(Data entries)
☆ ☆ ☆ ☆ ☆
lemma nonneg_comb_row_proportional:
  fixes Q R :: "real mat"
  assumes R: "rows_lin_indep L N R" and k: "k < L"
    and h_nonneg: "\<forall>j<K. \<forall>l<L. 0 \<le> h j l"
    and Q_comb: "\<forall>j<K. \<forall>i<N. Q $$ (j,i) = (\<Sum>l<L. h j l * R $$ (l,i))"
    and w_nonneg: "\<forall>j<K. 0 \<le> w j"
    and R_comb: "\<forall>i<N. R $$ (k,i) = (\<Sum>j<K. w j * Q $$ (j,i))"
  shows "\<exists>j<K. \<exists>c. \<forall>i<N. Q $$ (j,i) = c * R $$ (k,i)"
proof -
  define g where "g l = (\<Sum>j<K. w j * h j l)" for l
  have coeffs: "\<forall>i<N. (\<Sum>l<L. g l * R $$ (l,i)) = (\<Sum>l<L. of_bool (l = k) * R $$ (l,i))"
  proof (intro allI impI)
    fix i assume i: "i < N"
    have "(\<Sum>l<L. g l * R $$ (l,i)) = (\<Sum>j<K. w j * Q $$ (j,i))"
      using Q_comb i
      by (simp add: g_def sum_distrib_left sum_distrib_right mult.assoc sum.swap[of _ "{..<L}"])
    then show "(\<Sum>l<L. g l * R $$ (l,i)) = (\<Sum>l<L. of_bool (l = k) * R $$ (l,i))"
      using R_comb i k by simp
  qed
  have g: "g l = of_bool (l = k)" if "l < L" for l
    using rows_lin_indep_coeffs_unique[OF R coeffs that] .
  have "g k \<noteq> 0"
    using g[OF k] by simp
  then obtain j where j: "j < K" "w j * h j k \<noteq> 0"
    unfolding g_def by (meson lessThan_iff sum.neutral)
  have h_zero: "h j l = 0" if l: "l < L" "l \<noteq> k" for l
  proof -
    have "\<forall>j'\<in>{..<K}. w j' * h j' l = 0"
      using g[OF l(1)] l(2) h_nonneg w_nonneg l(1)
      by (subst sum_nonneg_eq_0_iff[symmetric]) (auto simp: g_def)
    then show ?thesis using j by auto
  qed
  have "\<forall>i<N. Q $$ (j,i) = h j k * R $$ (k,i)"
    using Q_comb j(1) sum_mult_single_support[OF k, of "h j"] h_zero by simp
  then show ?thesis using j(1) by blast
qed

lemma anchored_factorization_row_map:
  assumes F1: "F1 \<in> F_an_set M K1" and Q1: "Q1 \<in> carrier_mat K1 N"
    and F2: "F2 \<in> F_an_set M K2" and Q2: "Q2 \<in> carrier_mat K2 N"
    and li: "rows_lin_indep K2 N Q2" and eq: "F1 * Q1 = F2 * Q2"
  shows "\<exists>\<sigma> c. \<forall>k<K2. \<sigma> k < K1 \<and> (\<forall>i<N. Q1 $$ (\<sigma> k,i) = c k * Q2 $$ (k,i))"
proof -
  have F_set: "F1 \<in> F_set M K1" "F2 \<in> F_set M K2"
    using F1 F2 by (simp_all add: F_an_set_def)
  have "\<forall>j<K1. \<exists>h. (\<forall>l<K2. 0 \<le> h l) \<and> (\<forall>i<N. Q1 $$ (j,i) = (\<Sum>l<K2. h l * Q2 $$ (l,i)))"
    using anchored_factor_row_nonneg_comb[OF F1 Q1 F_set(2) Q2 eq] by blast
  then obtain h where h:
    "\<forall>j<K1. (\<forall>l<K2. 0 \<le> h j l) \<and> (\<forall>i<N. Q1 $$ (j,i) = (\<Sum>l<K2. h j l * Q2 $$ (l,i)))"
    by metis
  have "\<exists>j<K1. \<exists>c. \<forall>i<N. Q1 $$ (j,i) = c * Q2 $$ (k,i)" if k: "k < K2" for k
  proof -
    obtain w where w: "\<forall>j<K1. 0 \<le> w j" "\<forall>i<N. Q2 $$ (k,i) = (\<Sum>j<K1. w j * Q1 $$ (j,i))"
      using anchored_factor_row_nonneg_comb[OF F2 Q2 F_set(1) Q1 eq[symmetric] k] by blast
    show ?thesis
      by (rule nonneg_comb_row_proportional[where h = h, OF li k _ _ w]) (use h in auto)
  qed
  then show ?thesis by metis
qed

lemma proportional_row_map_inj:
  assumes li1: "rows_lin_indep K1 N Q1" and li2: "rows_lin_indep K2 N Q2"
    and \<sigma>: "\<forall>k<K2. \<sigma> k < K1 \<and> (\<forall>i<N. Q1 $$ (\<sigma> k,i) = c k * Q2 $$ (k,i))"
  shows "inj_on \<sigma> {..<K2}"
proof (rule inj_onI, rule ccontr)
  fix k k' assume k: "k \<in> {..<K2}" "k' \<in> {..<K2}" "\<sigma> k = \<sigma> k'" "k \<noteq> k'"
  have "\<forall>i<N. (\<Sum>l<K2. (of_bool (l = k) * c l) * Q2 $$ (l,i))
            = (\<Sum>l<K2. (of_bool (l = k') * c l) * Q2 $$ (l,i))"
    using \<sigma> k by (simp add: mult.assoc) metis
  from rows_lin_indep_coeffs_unique[OF li2 this, of k] have "c k = 0"
    using k by simp
  then have "\<forall>i<N. Q1 $$ (\<sigma> k,i) = 0"
    using \<sigma> k(1) by simp
  then show False
    using rows_lin_indep_row_nonzero[OF li1, of "\<sigma> k"] \<sigma> k(1) by auto
qed

lemma anchored_factorizations_row_bij:
  assumes F1: "F1 \<in> F_an_set M K1" and Q1: "Q1 \<in> carrier_mat K1 N" "rows_lin_indep K1 N Q1"
    and F2: "F2 \<in> F_an_set M K2" and Q2: "Q2 \<in> carrier_mat K2 N" "rows_lin_indep K2 N Q2"
    and eq: "F1 * Q1 = F2 * Q2"
  obtains \<sigma> c where "K1 = K2" "bij_betw \<sigma> {..<K2} {..<K2}"
    "\<forall>k<K2. \<forall>i<N. Q1 $$ (\<sigma> k,i) = c k * Q2 $$ (k,i)"
proof -
  obtain \<sigma> c where \<sigma>: "\<forall>k<K2. \<sigma> k < K1 \<and> (\<forall>i<N. Q1 $$ (\<sigma> k,i) = c k * Q2 $$ (k,i))"
    using anchored_factorization_row_map[OF F1 Q1(1) F2 Q2 eq] by blast
  obtain \<tau> d where \<tau>: "\<forall>k<K1. \<tau> k < K2 \<and> (\<forall>i<N. Q2 $$ (\<tau> k,i) = d k * Q1 $$ (k,i))"
    using anchored_factorization_row_map[OF F2 Q2(1) F1 Q1 eq[symmetric]] by blast
  have inj: "inj_on \<sigma> {..<K2}"
    using proportional_row_map_inj[OF Q1(2) Q2(2) \<sigma>] .
  have "K2 \<le> K1"
    using card_inj_on_le[OF inj, of "{..<K1}"] \<sigma> by auto
  moreover have "K1 \<le> K2"
    using card_inj_on_le[OF proportional_row_map_inj[OF Q2(2) Q1(2) \<tau>], of "{..<K2}"] \<tau> by auto
  ultimately have K: "K1 = K2" by simp
  then have "\<sigma> ` {..<K2} = {..<K2}"
    using endo_inj_surj[OF _ _ inj] \<sigma> by auto
  then have "bij_betw \<sigma> {..<K2} {..<K2}"
    using inj by (simp add: bij_betw_def)
  then show ?thesis
    using that[OF K] \<sigma> by blast
qed

lemma stochastic_proportional_rows_scale_one:
  assumes li: "rows_lin_indep K N Q2" and bij: "bij_betw \<sigma> {..<K} {..<K}"
    and proportional: "\<forall>k<K. \<forall>i<N. Q1 $$ (\<sigma> k,i) = c k * Q2 $$ (k,i)"
    and sum1: "\<forall>i<N. (\<Sum>k<K. Q1 $$ (k,i)) = 1" and sum2: "\<forall>i<N. (\<Sum>k<K. Q2 $$ (k,i)) = 1"
    and k: "k < K"
  shows "c k = 1"
proof -
  have "\<forall>i<N. (\<Sum>l<K. c l * Q2 $$ (l,i)) = (\<Sum>l<K. 1 * Q2 $$ (l,i))"
  proof (intro allI impI)
    fix i assume i: "i < N"
    have "(\<Sum>l<K. c l * Q2 $$ (l,i)) = (\<Sum>l<K. Q1 $$ (\<sigma> l,i))"
      using proportional i by simp
    also have "\<dots> = (\<Sum>l<K. Q1 $$ (l,i))"
      using sum.reindex_bij_betw[OF bij, of "\<lambda>l. Q1 $$ (l,i)"] .
    finally show "(\<Sum>l<K. c l * Q2 $$ (l,i)) = (\<Sum>l<K. 1 * Q2 $$ (l,i))"
      using sum1 sum2 i by simp
  qed
  from rows_lin_indep_coeffs_unique[OF li this k] show ?thesis .
qed

lemma factorization_left_factor_permuted:
  assumes F1: "F1 \<in> carrier_mat M K" and Q1: "Q1 \<in> carrier_mat K N"
    and F2: "F2 \<in> carrier_mat M K" and Q2: "Q2 \<in> carrier_mat K N"
    and eq: "F1 * Q1 = F2 * Q2" and li: "rows_lin_indep K N Q2"
    and bij: "bij_betw \<sigma> {..<K} {..<K}" and Q: "\<forall>k<K. \<forall>i<N. Q1 $$ (\<sigma> k,i) = Q2 $$ (k,i)"
    and s: "s < M" and k: "k < K"
  shows "F2 $$ (s,k) = F1 $$ (s,\<sigma> k)"
proof -
  have "\<forall>i<N. (\<Sum>l<K. F2 $$ (s,l) * Q2 $$ (l,i)) = (\<Sum>l<K. F1 $$ (s,\<sigma> l) * Q2 $$ (l,i))"
  proof (intro allI impI)
    fix i assume i: "i < N"
    have "(\<Sum>l<K. F2 $$ (s,l) * Q2 $$ (l,i)) = (\<Sum>l<K. F1 $$ (s,l) * Q1 $$ (l,i))"
      using index_mult_mat_sum[OF F1 Q1 s i] index_mult_mat_sum[OF F2 Q2 s i] eq by simp
    also have "\<dots> = (\<Sum>l<K. F1 $$ (s,\<sigma> l) * Q1 $$ (\<sigma> l,i))"
      using sum.reindex_bij_betw[OF bij, of "\<lambda>l. F1 $$ (s,l) * Q1 $$ (l,i)"] by simp
    also have "\<dots> = (\<Sum>l<K. F1 $$ (s,\<sigma> l) * Q2 $$ (l,i))"
      using Q i by simp
    finally show "(\<Sum>l<K. F2 $$ (s,l) * Q2 $$ (l,i)) = (\<Sum>l<K. F1 $$ (s,\<sigma> l) * Q2 $$ (l,i))" .
  qed
  from rows_lin_indep_coeffs_unique[OF li this k] show ?thesis .
qed

lemma perm_equivI:
  assumes "F1 \<in> carrier_mat M K" "Q1 \<in> carrier_mat K N"
    and "F2 \<in> carrier_mat M K" "Q2 \<in> carrier_mat K N"
    and bij: "bij_betw \<sigma> {..<K} {..<K}"
    and "\<forall>s<M. \<forall>k<K. F2 $$ (s,k) = F1 $$ (s,\<sigma> k)"
    and "\<forall>k<K. \<forall>i<N. Q2 $$ (k,i) = Q1 $$ (\<sigma> k,i)"
  shows "perm_equiv (F1, Q1) (F2, Q2)"
proof -
  define \<pi> where "\<pi> k = (if k < K then \<sigma> k else k)" for k
  have "bij_betw \<pi> {..<K} {..<K}"
    using bij by (rule bij_betw_cong[THEN iffD1, rotated]) (simp add: \<pi>_def)
  then have "\<pi> permutes {..<K}"
    by (rule bij_imp_permutes) (simp add: \<pi>_def)
  then show ?thesis
    using assms unfolding perm_equiv_def by (auto intro!: exI[of _ \<pi>] simp: \<pi>_def)
qed

theorem mainTheorem3:
  fixes M N :: nat
  assumes "0 < M" and "0 < N"
  shows "identifiable (M2 M N)"
  unfolding identifiable_def
proof (intro allI impI)
  fix F1 Q1 F2 Q2
  assume "(F1, Q1) \<in> M2 M N" "(F2, Q2) \<in> M2 M N" and eq: "F1 * Q1 = F2 * Q2"
  then obtain K1 K2 where F1: "F1 \<in> F_an_set M K1" and Q1: "Q1 \<in> Q_in_set K1 N"
    and F2: "F2 \<in> F_an_set M K2" and Q2: "Q2 \<in> Q_in_set K2 N"
    by (auto simp: M2_def)
  note Q1D = Q_in_setD[OF Q1] and Q2D = Q_in_setD[OF Q2]
  obtain \<sigma> c where K: "K1 = K2" and bij: "bij_betw \<sigma> {..<K2} {..<K2}"
    and proportional: "\<forall>k<K2. \<forall>i<N. Q1 $$ (\<sigma> k,i) = c k * Q2 $$ (k,i)"
    using anchored_factorizations_row_bij[OF F1 Q1D(1,2) F2 Q2D(1,2) eq] by blast
  have "\<forall>k<K2. c k = 1"
    using stochastic_proportional_rows_scale_one[OF Q2D(2) bij proportional] Q1D(3) Q2D(3) K
    by simp
  then have Q: "\<forall>k<K2. \<forall>i<N. Q1 $$ (\<sigma> k,i) = Q2 $$ (k,i)"
    using proportional by simp
  have carrier: "F1 \<in> carrier_mat M K2" "Q1 \<in> carrier_mat K2 N"
    "F2 \<in> carrier_mat M K2" "Q2 \<in> carrier_mat K2 N"
    using F_an_set_carrier[OF F1] F_an_set_carrier[OF F2] Q1D(1) Q2D(1) K by simp_all
  have "\<forall>s<M. \<forall>k<K2. F2 $$ (s,k) = F1 $$ (s,\<sigma> k)"
    using factorization_left_factor_permuted[OF carrier eq Q2D(2) bij Q] by blast
  then show "perm_equiv (F1, Q1) (F2, Q2)"
    using perm_equivI[OF carrier bij] Q by simp
qed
☆ ☆ ☆ ☆ ☆
Your task is to retype the entries verbatim, starting with the line that holds "using R_comb i k by simp" and stopping after the line that holds "then obtain j".

      using R_comb i k by simp
  qed
  have g: "g l = of_bool (l = k)" if "l < L" for l
    using rows_lin_indep_coeffs_unique[OF R coeffs that] .
  have "g k \<noteq> 0"
    using g[OF k] by simp
  then obtain j where j: "j < K" "w j * h j k \<noteq> 0"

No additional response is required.